(* Under the standing assumptions, $G$ does not contain a vertex $v$ of degree $8$ together with pairwise distinct neighbours $x,t,w,y,z,u$ of $v$ and a vertex $p\notin\{v,x,t,w,y,z,u\}$ such that $xt,tw,wy,zu\in E(G)$, $p$ is adjacent to both $y$ and $z$, and $d(t)=d(y)=d(z)=3$.
   Context: Standing assumptions: A total $9$-coloring of a graph is an assignment of colors from $\{1,\dots,9\}$ to the vertices and edges such that adjacent vertices, edges sharing an endpoint, and a vertex and an incident edge receive different colors. A $4$-fan is the graph on six vertices $c,u_1,\dots,u_5$ with edges $cu_j$ ($1\le j\le5$) and $u_ju_{j+1}$ ($1\le j\le4$). $G$ is a minimal counterexample: $G$ is a simple planar graph with maximum degree $8$, containing no subgraph isomorphic to a $4$-fan, that has no total $9$-coloring, and such that every simple planar graph $H$ with maximum degree at most $8$, no subgraph isomorphic to a $4$-fan, and $|V(H)|+|E(H)|<|V(G)|+|E(G)|$ has a total $9$-coloring. $d(\cdot)$ denotes degree in $G$. *)

theory Defs
  imports "HOL-Analysis.Analysis"
begin

definition simple_graph :: "'a set \<Rightarrow> 'a set set \<Rightarrow> bool" where
  "simple_graph V E \<longleftrightarrow> finite V \<and> (\<forall>e\<in>E. e \<subseteq> V \<and> card e = 2)"

definition degree :: "'a set \<Rightarrow> 'a set set \<Rightarrow> 'a \<Rightarrow> nat" where
  "degree V E v = card {u\<in>V. {u, v} \<in> E}"

definition max_degree_le :: "nat \<Rightarrow> 'a set \<Rightarrow> 'a set set \<Rightarrow> bool" where
  "max_degree_le k V E \<longleftrightarrow> (\<forall>v\<in>V. degree V E v \<le> k)"

definition max_degree_eq :: "nat \<Rightarrow> 'a set \<Rightarrow> 'a set set \<Rightarrow> bool" where
  "max_degree_eq k V E \<longleftrightarrow> max_degree_le k V E \<and> (\<exists>v\<in>V. degree V E v = k)"

definition planar :: "'a set \<Rightarrow> 'a set set \<Rightarrow> bool" where
  "planar V E \<longleftrightarrow>
     (\<exists>(pos :: 'a \<Rightarrow> real^2) (g :: 'a set \<Rightarrow> real \<Rightarrow> real^2).
        inj_on pos V \<and>
        (\<forall>e\<in>E. arc (g e) \<and> {pathstart (g e), pathfinish (g e)} = pos ` e \<and>
                 path_image (g e) \<inter> pos ` V = pos ` e) \<and>
        (\<forall>e\<in>E. \<forall>e'\<in>E. e \<noteq> e' \<longrightarrow> path_image (g e) \<inter> path_image (g e') \<subseteq> pos ` (e \<inter> e')))"

text \<open>Contains a (not necessarily induced) subgraph isomorphic to the 4-fan.\<close>

definition has_4fan :: "'a set \<Rightarrow> 'a set set \<Rightarrow> bool" where
  "has_4fan V E \<longleftrightarrow>
     (\<exists>c u1 u2 u3 u4 u5. distinct [c, u1, u2, u3, u4, u5] \<and>
        {c, u1, u2, u3, u4, u5} \<subseteq> V \<and>
        {c, u1} \<in> E \<and> {c, u2} \<in> E \<and> {c, u3} \<in> E \<and> {c, u4} \<in> E \<and> {c, u5} \<in> E \<and>
        {u1, u2} \<in> E \<and> {u2, u3} \<in> E \<and> {u3, u4} \<in> E \<and> {u4, u5} \<in> E)"

definition total_coloring :: "nat \<Rightarrow> 'a set \<Rightarrow> 'a set set \<Rightarrow> ('a \<Rightarrow> nat) \<Rightarrow> ('a set \<Rightarrow> nat) \<Rightarrow> bool" where
  "total_coloring k V E cv ce \<longleftrightarrow>
     (\<forall>v\<in>V. cv v \<in> {1..k}) \<and> (\<forall>e\<in>E. ce e \<in> {1..k}) \<and>
     (\<forall>u v. {u, v} \<in> E \<longrightarrow> cv u \<noteq> cv v) \<and>
     (\<forall>e\<in>E. \<forall>e'\<in>E. e \<noteq> e' \<and> e \<inter> e' \<noteq> {} \<longrightarrow> ce e \<noteq> ce e') \<and>
     (\<forall>e\<in>E. \<forall>v\<in>e. cv v \<noteq> ce e)"

definition total_colorable :: "nat \<Rightarrow> 'a set \<Rightarrow> 'a set set \<Rightarrow> bool" where
  "total_colorable k V E \<longleftrightarrow> (\<exists>cv ce. total_coloring k V E cv ce)"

··········

● **About this task**:
The full set of records must be transcribed character for character.

● **Written response**:
(* Under the standing assumptions, $G$ does not contain a vertex $v$ of degree $8$ together with pairwise distinct neighbours $x,t,w,y,z,u$ of $v$ and a vertex $p\notin\{v,x,t,w,y,z,u\}$ such that $xt,tw,wy,zu\in E(G)$, $p$ is adjacent to both $y$ and $z$, and $d(t)=d(y)=d(z)=3$.
   Context: Standing assumptions: A total $9$-coloring of a graph is an assignment of colors from $\{1,\dots,9\}$ to the vertices and edges such that adjacent vertices, edges sharing an endpoint, and a vertex and an incident edge receive different colors. A $4$-fan is the graph on six vertices $c,u_1,\dots,u_5$ with edges $cu_j$ ($1\le j\le5$) and $u_ju_{j+1}$ ($1\le j\le4$). $G$ is a minimal counterexample: $G$ is a simple planar graph with maximum degree $8$, containing no subgraph isomorphic to a $4$-fan, that has no total $9$-coloring, and such that every simple planar graph $H$ with maximum degree at most $8$, no subgraph isomorphic to a $4$-fan, and $|V(H)|+|E(H)|<|V(G)|+|E(G)|$ has a total $9$-coloring. $d(\cdot)$ denotes degree in $G$. *)

theory Defs
  imports "HOL-Analysis.Analysis"
begin

definition simple_graph :: "'a set \<Rightarrow> 'a set set \<Rightarrow> bool" where
  "simple_graph V E \<longleftrightarrow> finite V \<and> (\<forall>e\<in>E. e \<subseteq> V \<and> card e = 2)"

definition degree :: "'a set \<Rightarrow> 'a set set \<Rightarrow> 'a \<Rightarrow> nat" where
  "degree V E v = card {u\<in>V. {u, v} \<in> E}"

definition max_degree_le :: "nat \<Rightarrow> 'a set \<Rightarrow> 'a set set \<Rightarrow> bool" where
  "max_degree_le k V E \<longleftrightarrow> (\<forall>v\<in>V. degree V E v \<le> k)"

definition max_degree_eq :: "nat \<Rightarrow> 'a set \<Rightarrow> 'a set set \<Rightarrow> bool" where
  "max_degree_eq k V E \<longleftrightarrow> max_degree_le k V E \<and> (\<exists>v\<in>V. degree V E v = k)"

definition planar :: "'a set \<Rightarrow> 'a set set \<Rightarrow> bool" where
  "planar V E \<longleftrightarrow>
     (\<exists>(pos :: 'a \<Rightarrow> real^2) (g :: 'a set \<Rightarrow> real \<Rightarrow> real^2).
        inj_on pos V \<and>
        (\<forall>e\<in>E. arc (g e) \<and> {pathstart (g e), pathfinish (g e)} = pos ` e \<and>
                 path_image (g e) \<inter> pos ` V = pos ` e) \<and>
        (\<forall>e\<in>E. \<forall>e'\<in>E. e \<noteq> e' \<longrightarrow> path_image (g e) \<inter> path_image (g e') \<subseteq> pos ` (e \<inter> e')))"

text \<open>Contains a (not necessarily induced) subgraph isomorphic to the 4-fan.\<close>

definition has_4fan :: "'a set \<Rightarrow> 'a set set \<Rightarrow> bool" where
  "has_4fan V E \<longleftrightarrow>
     (\<exists>c u1 u2 u3 u4 u5. distinct [c, u1, u2, u3, u4, u5] \<and>
        {c, u1, u2, u3, u4, u5} \<subseteq> V \<and>
        {c, u1} \<in> E \<and> {c, u2} \<in> E \<and> {c, u3} \<in> E \<and> {c, u4} \<in> E \<and> {c, u5} \<in> E \<and>
        {u1, u2} \<in> E \<and> {u2, u3} \<in> E \<and> {u3, u4} \<in> E \<and> {u4, u5} \<in> E)"

definition total_coloring :: "nat \<Rightarrow> 'a set \<Rightarrow> 'a set set \<Rightarrow> ('a \<Rightarrow> nat) \<Rightarrow> ('a set \<Rightarrow> nat) \<Rightarrow> bool" where
  "total_coloring k V E cv ce \<longleftrightarrow>
     (\<forall>v\<in>V. cv v \<in> {1..k}) \<and> (\<forall>e\<in>E. ce e \<in> {1..k}) \<and>
     (\<forall>u v. {u, v} \<in> E \<longrightarrow> cv u \<noteq> cv v) \<and>
     (\<forall>e\<in>E. \<forall>e'\<in>E. e \<noteq> e' \<and> e \<inter> e' \<noteq> {} \<longrightarrow> ce e \<noteq> ce e') \<and>
     (\<forall>e\<in>E. \<forall>v\<in>e. cv v \<noteq> ce e)"

definition total_colorable :: "nat \<Rightarrow> 'a set \<Rightarrow> 'a set set \<Rightarrow> bool" where
  "total_colorable k V E \<longleftrightarrow> (\<exists>cv ce. total_coloring k V E cv ce)"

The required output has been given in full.